Member of Parliament, Lok Sabha
- Incumbent
- Assumed office 23 May 2019
- Preceded by: Harinder Singh Khalsa (AAP)
- Constituency: Fatehgarh Sahib

Vice President, Punjab Pradesh Congress Committee
- Incumbent
- Assumed office 2014

Chairman & Managing Director (Food Corporation of India)
- In office 2012–2012

Executive Director (Food Corporation of India)
- In office 2010–2012

Joint Secretary (Government of India)
- In office 2004–2010

Principal Secretary/Secretary (Government of Madhya Pradesh)
- In office 1997–2004

Personal details
- Born: 26 May 1953 (age 73) Boparai Kalan, Ludhiana, Punjab, India
- Party: Indian National Congress (since 2014)
- Relatives: Gurcharan Singh Boparai (brother)
- Education: M.A. Economics, MBBS
- Alma mater: Government Medical College, Amritsar and Barkatullah University

= Amar Singh (Punjab politician) =

Indian politician

Amar Malkiat Singh Boparai is an Indian physician, bureaucrat and Member of Parliament for Fatehgarh Sahib constituency.

==Biography==
Singh was born into a Ramdasia Sikh family of Malkit Singh and Gurdev Kaur from village Boparai Kalan in Ludhiana district. He is married to Kuldeep Kaur Dhillon and they have a two sons together. His father, Malkit Singh, used to run a shoe shop in Bhikhiwind before he and his wife were murdered.

==Career==
He completed his MBBS at Amritsar Medical College. He was selected for Punjab Civil Medical Services (PCMS) and worked as a doctor in Samrala. After that, he joined the civil service as an IAS officer and served as secretary to Madhya Pradesh, CM, for 10 years. Dr. Amar Singh also served as the chairman and managing director of the Food Corporation of India (FCI), one of the largest organizations in India, which plays a crucial role in India's food security. As CMD of FCI, Dr. Singh would have been heavily involved in ensuring the efficiency of the procurement and storage systems, especially considering India's vast population and the seasonal nature of agricultural production. He would also have played a pivotal role in improving the PDS, ensuring that essential food items reached the most vulnerable populations across the country.

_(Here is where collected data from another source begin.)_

theorem S_eq_sum_arr_X:
  assumes "is_type \<tau>"
  shows "(S deg \<tau> :: _ \<Rightarrow>\<^sub>0 'r::comm_ring_1) = (\<Sum>l\<in>types_of_deg (tdeg \<tau>). of_nat (arr l \<tau>) * X deg l)"
proof -
  let ?ys = "type_list \<tau>"
  have "set ?ys = set_mset \<tau>" by (metis mset_type_list set_mset_mset)
  then have pos: "\<forall>p\<in>set ?ys. 0 < snd p" using assms by (auto simp: is_type_def)
  have "(S deg \<tau> :: _ \<Rightarrow>\<^sub>0 'r) = (\<Sum>bs\<in>deg_tuples deg ?ys. mono (tuple_mono ?ys bs))"
    by (rule S_eq_sum_deg_tuples)
  also have "\<dots> = (\<Sum>x\<in>{x. deg x = tdeg \<tau>}.
      of_nat (card {bs \<in> deg_tuples deg ?ys. tuple_mono ?ys bs = x}) * mono x)"
    by (rule sum_fibres_of_nat) (auto simp: finite_deg_tuples finite_deg_eq deg_tuple_mono mset_type_list)
  also have "\<dots> = (\<Sum>x\<in>{x. deg x = tdeg \<tau>}. of_nat (arr (type_of deg x) \<tau>) * mono x)"
    by (simp add: card_fibre_tuple_mono[OF pos mset_type_list] arr_type_list)
  also have "\<dots> = (\<Sum>l\<in>types_of_deg (tdeg \<tau>). of_nat (arr l \<tau>) * X deg l)"
    by (rule sum_over_deg_eq_sum_over_types)
  finally show ?thesis .
qed

end

lemma mset_eq_if_bij_betw_nth:
  assumes "bij_betw f {..<length ys} {..<length xs}" "\<And>j. j < length ys \<Longrightarrow> ys ! j = xs ! f j"
  shows "mset ys = mset xs"
proof -
  have mset_nth: "mset zs = image_mset ((!) zs) (mset_set {..<length zs})" for zs :: "'a list"
    by (metis map_nth mset_map mset_set_upto_eq_mset_upto)
  have "mset ys = image_mset ((!) xs \<circ> f) (mset_set {..<length ys})"
    unfolding mset_nth[of ys] using assms(2) by (intro image_mset_cong) auto
  also have "\<dots> = image_mset ((!) xs) (mset_set (f ` {..<length ys}))"
    using assms(1) by (simp add: image_mset.compositionality[symmetric] image_mset_mset_set bij_betw_def)
  also have "\<dots> = mset xs" using assms(1) mset_nth[of xs] by (simp add: bij_betw_def)
  finally show ?thesis .
qed

lemma is_type_mset_nth:
  assumes "is_type (mset zs)" "i < length zs"
  shows "0 < fst (zs ! i) \<and> 0 < snd (zs ! i)"
proof -
  have "zs ! i \<in># mset zs" using assms(2) by simp
  then show ?thesis using assms(1) unfolding is_type_def by (simp add: case_prod_beta)
qed

context
  fixes A :: "nat \<Rightarrow> nat \<Rightarrow> nat" and xs ys :: "(nat \<times> nat) list"
  assumes A: "A \<in> arrangements_list xs ys"
    and types: "is_type (mset xs)" "is_type (mset ys)"
begin

lemma arrangement_zero: "length xs \<le> i \<or> length ys \<le> j \<Longrightarrow> A i j = 0"
  and arrangement_row: "i < length xs \<Longrightarrow> (\<Sum>j<length ys. A i j * snd (ys ! j)) = snd (xs ! i)"
  and arrangement_col: "j < length ys \<Longrightarrow> (\<Sum>i<length xs. A i j * fst (xs ! i)) = fst (ys ! j)"
  using A unfolding arrangements_list_def by auto

lemma arrangement_col_sum_pos: "j < length ys \<Longrightarrow> 0 < (\<Sum>i<length xs. A i j)"
proof (rule ccontr)
  assume "j < length ys" "\<not> 0 < (\<Sum>i<length xs. A i j)"
  then have "fst (ys ! j) = 0" by (simp flip: arrangement_col)
  with is_type_mset_nth[OF types(2) \<open>j < length ys\<close>] show False by simp
qed

lemma sum_snd_eq_arrangement:
  "sum_list (map snd xs) = (\<Sum>j<length ys. snd (ys ! j) * (\<Sum>i<length xs. A i j))"
proof -
  have "sum_list (map snd xs) = (\<Sum>i<length xs. \<Sum>j<length ys. A i j * snd (ys ! j))"
    by (simp add: sum_list_sum_nth atLeast0LessThan arrangement_row)
  also have "\<dots> = (\<Sum>j<length ys. snd (ys ! j) * (\<Sum>i<length xs. A i j))"
    by (subst sum.swap) (simp add: sum_distrib_left mult.commute)
  finally show ?thesis .
qed

lemma sum_snd_le_of_arrangement: "sum_list (map snd ys) \<le> sum_list (map snd xs)"
  unfolding sum_snd_eq_arrangement
  by (simp add: sum_list_sum_nth atLeast0LessThan) (intro sum_mono, simp add: arrangement_col_sum_pos Suc_le_eq)

(* Equal total multiplicity forces every column of the arrangement to be a unit vector. *)

context
  assumes sum_snd_eq: "sum_list (map snd ys) = sum_list (map snd xs)"
begin

lemma arrangement_col_sum_eq_1: "j < length ys \<Longrightarrow> (\<Sum>i<length xs. A i j) = 1"
proof -
  assume j: "j < length ys"
  have "(\<Sum>j<length ys. snd (ys ! j)) = (\<Sum>j<length ys. snd (ys ! j) * (\<Sum>i<length xs. A i j))"
    using sum_snd_eq sum_snd_eq_arrangement by (simp add: sum_list_sum_nth atLeast0LessThan)
  then have "snd (ys ! j) = snd (ys ! j) * (\<Sum>i<length xs. A i j)"
    by (rule sum_mono_inv) (use j arrangement_col_sum_pos in \<open>auto simp: Suc_le_eq\<close>)
  then show ?thesis using is_type_mset_nth[OF types(2) j] by simp
qed

lemma arrangement_unit_col:
  assumes "j < length ys"
  obtains i where "i < length xs" "A i j = 1" "\<And>i'. i' \<noteq> i \<Longrightarrow> A i' j = 0"
proof -
  obtain i where "i \<in> {..<length xs}" "A i j = 1" "\<forall>i'\<in>{..<length xs}. i \<noteq> i' \<longrightarrow> A i' j = 0"
    using arrangement_col_sum_eq_1[OF assms] unfolding sum_eq_1_iff[OF finite_lessThan] by blast
  then show thesis using that arrangement_zero by (metis lessThan_iff not_le)
qed

lemma length_le_of_arrangement: "length xs \<le> length ys"
  and mset_eq_of_arrangement: "length xs = length ys \<Longrightarrow> mset xs = mset ys"
proof -
  have "\<exists>i. i < length xs \<and> A i j = 1 \<and> (\<forall>i'. i' \<noteq> i \<longrightarrow> A i' j = 0)" if "j < length ys" for j
    using arrangement_unit_col[OF that] by blast
  then obtain f where f: "\<And>j. j < length ys
      \<Longrightarrow> f j < length xs \<and> A (f j) j = 1 \<and> (\<forall>i. i \<noteq> f j \<longrightarrow> A i j = 0)"
    by metis
  have surj: "f ` {..<length ys} = {..<length xs}"
  proof (intro equalityI subsetI)
    fix i assume "i \<in> {..<length xs}"
    then have "(\<Sum>j<length ys. A i j * snd (ys ! j)) \<noteq> 0"
      using arrangement_row[of i] is_type_mset_nth[OF types(1), of i] by simp
    then obtain j where "j < length ys" "A i j \<noteq> 0" using sum.not_neutral_contains_not_neutral by force
    with f[of j] show "i \<in> f ` {..<length ys}" by auto
  qed (use f in auto)
  have "card (f ` {..<length ys}) \<le> card {..<length ys}" by (rule card_image_le) simp
  then show "length xs \<le> length ys" by (simp add: surj)
  assume len: "length xs = length ys"
  then have bij: "bij_betw f {..<length ys} {..<length xs}"
    using surj by (simp add: bij_betw_def eq_card_imp_inj_on)
  have "ys ! j = xs ! f j" if j: "j < length ys" for j
  proof -
    have "(\<Sum>i<length xs. A i j * fst (xs ! i)) = (\<Sum>i<length xs. if i = f j then fst (xs ! i) else 0)"
      using f[OF j] by (intro sum.cong) auto
    then have "fst (ys ! j) = fst (xs ! f j)" using arrangement_col[OF j] f[OF j] by simp
    moreover have "A (f j) j' = 0" if "j' < length ys" "j' \<noteq> j" for j'
      using f[OF that(1)] inj_onD[OF bij_betw_imp_inj_on[OF bij], of j j'] that j by auto
    then have "(\<Sum>j'<length ys. A (f j) j' * snd (ys ! j')) = (\<Sum>j'<length ys. if j' = j then snd (ys ! j') else 0)"
      using f[OF j] by (intro sum.cong) auto
    then have "snd (ys ! j) = snd (xs ! f j)" using arrangement_row[of "f j"] f[OF j] j by simp
    ultimately show ?thesis by (simp add: prod_eq_iff)
  qed
  then show "mset xs = mset ys" using mset_eq_if_bij_betw_nth[OF bij] by simp
qed

end

end

lemma finite_arrangements_list:
  assumes "is_type (mset ys)"
  shows "finite (arrangements_list xs ys)"
proof -
  let ?r = "length xs" and ?s = "length ys" and ?M = "sum_list (map snd xs)"
  let ?extend = "\<lambda>f :: nat \<times> nat \<Rightarrow> nat. \<lambda>i j. if i < ?r \<and> j < ?s then f (i, j) else 0"
  have "arrangements_list xs ys \<subseteq> ?extend ` (({..<?r} \<times> {..<?s}) \<rightarrow>\<^sub>E {..?M})"
  proof
    fix A assume A: "A \<in> arrangements_list xs ys"
    have "A i j \<le> ?M" if "i < ?r" "j < ?s" for i j
    proof -
      have "A i j \<le> A i j * snd (ys ! j)" using is_type_mset_nth[OF assms that(2)] by simp
      also have "\<dots> \<le> (\<Sum>j<?s. A i j * snd (ys ! j))" by (rule member_le_sum) (use that in auto)
      also have "\<dots> = snd (xs ! i)" using A that by (simp add: arrangements_list_def)
      also have "\<dots> \<le> ?M" using elem_le_sum_list[of i "map snd xs"] that by simp
      finally show ?thesis .
    qed
    then have "restrict (\<lambda>(i, j). A i j) ({..<?r} \<times> {..<?s}) \<in> ({..<?r} \<times> {..<?s}) \<rightarrow>\<^sub>E {..?M}"
      by auto
    moreover have "A = ?extend (restrict (\<lambda>(i, j). A i j) ({..<?r} \<times> {..<?s}))"
      using A by (intro ext) (auto simp: arrangements_list_def)
    ultimately show "A \<in> ?extend ` (({..<?r} \<times> {..<?s}) \<rightarrow>\<^sub>E {..?M})" by blast
  qed
  then show ?thesis by (rule finite_subset) (intro finite_imageI finite_PiE, auto)
qed

lemma arrangements_list_ne_empty_if_mset_eq:
  assumes "mset xs = mset ys"
  shows "arrangements_list xs ys \<noteq> {}"
proof -
  obtain f where f: "bij_betw f {..<length xs} {..<length ys}" "\<And>i. i < length xs \<Longrightarrow> xs ! i = ys ! f i"
    using permutation_Ex_bij[OF assms] by auto
  define P where "P i j = (if i < length xs \<and> j = f i then 1 else (0::nat))" for i j
  have row: "(\<Sum>j<length ys. P i j * h j) = h (f i)" if "i < length xs" for i and h :: "nat \<Rightarrow> nat"
  proof -
    have "(\<Sum>j<length ys. P i j * h j) = (\<Sum>j<length ys. if j = f i then h j else 0)"
      using that by (intro sum.cong) (auto simp: P_def)
    then show ?thesis using that bij_betwE[OF f(1)] by simp
  qed
  define g where "g = inv_into {..<length xs} f"
  have g: "g j < length xs" "f (g j) = j" if "j < length ys" for j
    using that f(1) bij_betwE[OF bij_betw_inv_into[OF f(1)]] by (auto simp: g_def bij_betw_inv_into_right)
  have col: "(\<Sum>i<length xs. P i j * h i) = h (g j)" if "j < length ys" for j and h :: "nat \<Rightarrow> nat"
  proof -
    have "(\<Sum>i<length xs. P i j * h i) = (\<Sum>i<length xs. if i = g j then h i else 0)"
      using that g f(1) by (intro sum.cong) (auto simp: P_def g_def bij_betw_inv_into_left)
    then show ?thesis using g[OF that] by simp
  qed
  have "P \<in> arrangements_list xs ys"
    unfolding arrangements_list_def
  proof (intro CollectI conjI allI impI)
    fix i j assume "length xs \<le> i \<or> length ys \<le> j"
    moreover have "f i < length ys" if "i < length xs" using bij_betwE[OF f(1)] that by auto
    ultimately show "P i j = 0" by (auto simp: P_def)
  next
    fix i assume "i < length xs" then show "(\<Sum>j<length ys. P i j * snd (ys ! j)) = snd (xs ! i)"
      by (simp add: row f(2))
  next
    fix j assume "j < length ys"
    then show "(\<Sum>i<length xs. P i j * fst (xs ! i)) = fst (ys ! j)"
      by (simp add: col g f(2))
  qed
  then show ?thesis by blast
qed

lemma arr_self_ne_0: "is_type l \<Longrightarrow> arr l l \<noteq> 0"
  using finite_arrangements_list[of "type_list l"] arrangements_list_ne_empty_if_mset_eq[OF refl]
  by (simp add: arr_type_list mset_type_list)

(* Since size l <= d for types l of degree d, the rank orders them lexicographically: first by total
  multiplicity, then by decreasing number of parts. *)

definition type_rank :: "nat \<Rightarrow> mtype \<Rightarrow> nat" where
  "type_rank d l = (d + 1) * sum_mset (image_mset snd l) + (d - size l)"

lemma arr_ne_0_imp_type_rank_less:
  assumes l: "l \<in> types_of_deg d" and u: "u \<in> types_of_deg d" and "arr l u \<noteq> 0" "l \<noteq> u"
  shows "type_rank d u < type_rank d l"
proof -
  let ?xs = "type_list l" and ?ys = "type_list u"
  have types: "is_type (mset ?xs)" "is_type (mset ?ys)"
    using l u by (auto simp: types_of_deg_def mset_type_list)
  have "size u \<le> d" using u size_le_tdeg[of u] by (simp add: types_of_deg_def)
  from assms(3) obtain A where A: "A \<in> arrangements_list ?xs ?ys"
    unfolding arr_type_list by (metis card.empty ex_in_conv)
  have weight: "sum_mset (image_mset snd t) = sum_list (map snd (type_list t))" for t
    by (metis mset_map mset_type_list sum_mset_sum_list)
  have len: "length ?xs = size l" "length ?ys = size u" by (metis mset_type_list size_mset)+
  show ?thesis
  proof (cases "sum_list (map snd ?ys) = sum_list (map snd ?xs)")
    case True
    have "size l \<le> size u" using length_le_of_arrangement[OF A types True] by (simp add: len)
    moreover have "size l \<noteq> size u"
      using mset_eq_of_arrangement[OF A types True] assms(4) by (auto simp: len mset_type_list)
    ultimately have "size l < size u" by simp
    with True \<open>size u \<le> d\<close> show ?thesis by (simp add: type_rank_def weight)
  next
    case False
    with sum_snd_le_of_arrangement[OF A types]
    have "sum_mset (image_mset snd u) + 1 \<le> sum_mset (image_mset snd l)" by (simp add: weight)
    then have "(d + 1) * (sum_mset (image_mset snd u) + 1) \<le> (d + 1) * sum_mset (image_mset snd l)"
      by (rule mult_le_mono2)
    then show ?thesis by (simp add: type_rank_def algebra_simps)
  qed
qed

lemma det_ne_0_if_triangular_wrt_rank:
  fixes a :: "'a \<Rightarrow> 'a \<Rightarrow> 'f::field" and rank :: "'a \<Rightarrow> nat"
  assumes "distinct ts" "sorted (map rank ts)"
    and triangular: "\<And>l u. l \<in> set ts \<Longrightarrow> u \<in> set ts \<Longrightarrow> a l u \<noteq> 0 \<Longrightarrow> l \<noteq> u
      \<Longrightarrow> rank u < rank l"
    and diagonal: "\<And>l. l \<in> set ts \<Longrightarrow> a l l \<noteq> 0"
  shows "det (mat (length ts) (length ts) (\<lambda>(i, j). a (ts ! i) (ts ! j))) \<noteq> 0"
proof -
  let ?n = "length ts"
  let ?M = "mat ?n ?n (\<lambda>(i, j). a (ts ! i) (ts ! j))"
  have "?M $$ (i, j) = 0" if "i < j" "j < ?n" for i j
  proof (rule ccontr)
    assume "?M $$ (i, j) \<noteq> 0"
    then have "a (ts ! i) (ts ! j) \<noteq> 0" using that by simp
    moreover have "ts ! i \<noteq> ts ! j" using assms(1) that by (simp add: nth_eq_iff_index_eq)
    ultimately have "rank (ts ! j) < rank (ts ! i)" using that by (intro triangular) auto
    moreover have "rank (ts ! i) \<le> rank (ts ! j)"
      using sorted_nth_mono[OF assms(2), of i j] that by simp
    ultimately show False by simp
  qed
  then have "det ?M = (\<Prod>i = 0..<?n. a (ts ! i) (ts ! i))"
    by (subst det_lower_triangular[of ?n]) (auto simp: prod_list_diag_prod)
  also have "\<dots> \<noteq> 0" using diagonal by simp
  finally show ?thesis .
qed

As a Joint Secretary in the Union Government, Dr. Amar Singh was one of the instrumental figures in the conceptualization and implementation of the Mahatma Gandhi National Rural Employment Guarantee Act (MGNREGA). This act, which came into force in 2005, guarantees 100 days of wage employment per year to rural households, providing a significant safety net for the rural poor. It aims to reduce poverty and improve rural infrastructure through wage-based work, helping millions of families across the country.

He joined Indian National Congress and was elected as a Member Parliament from Fatehgarh Sahib Lok Sabha constituency in 2019. For the 2024 Indian general election Singh is a Congress candidate for Fatehgarh Sahib Lok Sabha constituency.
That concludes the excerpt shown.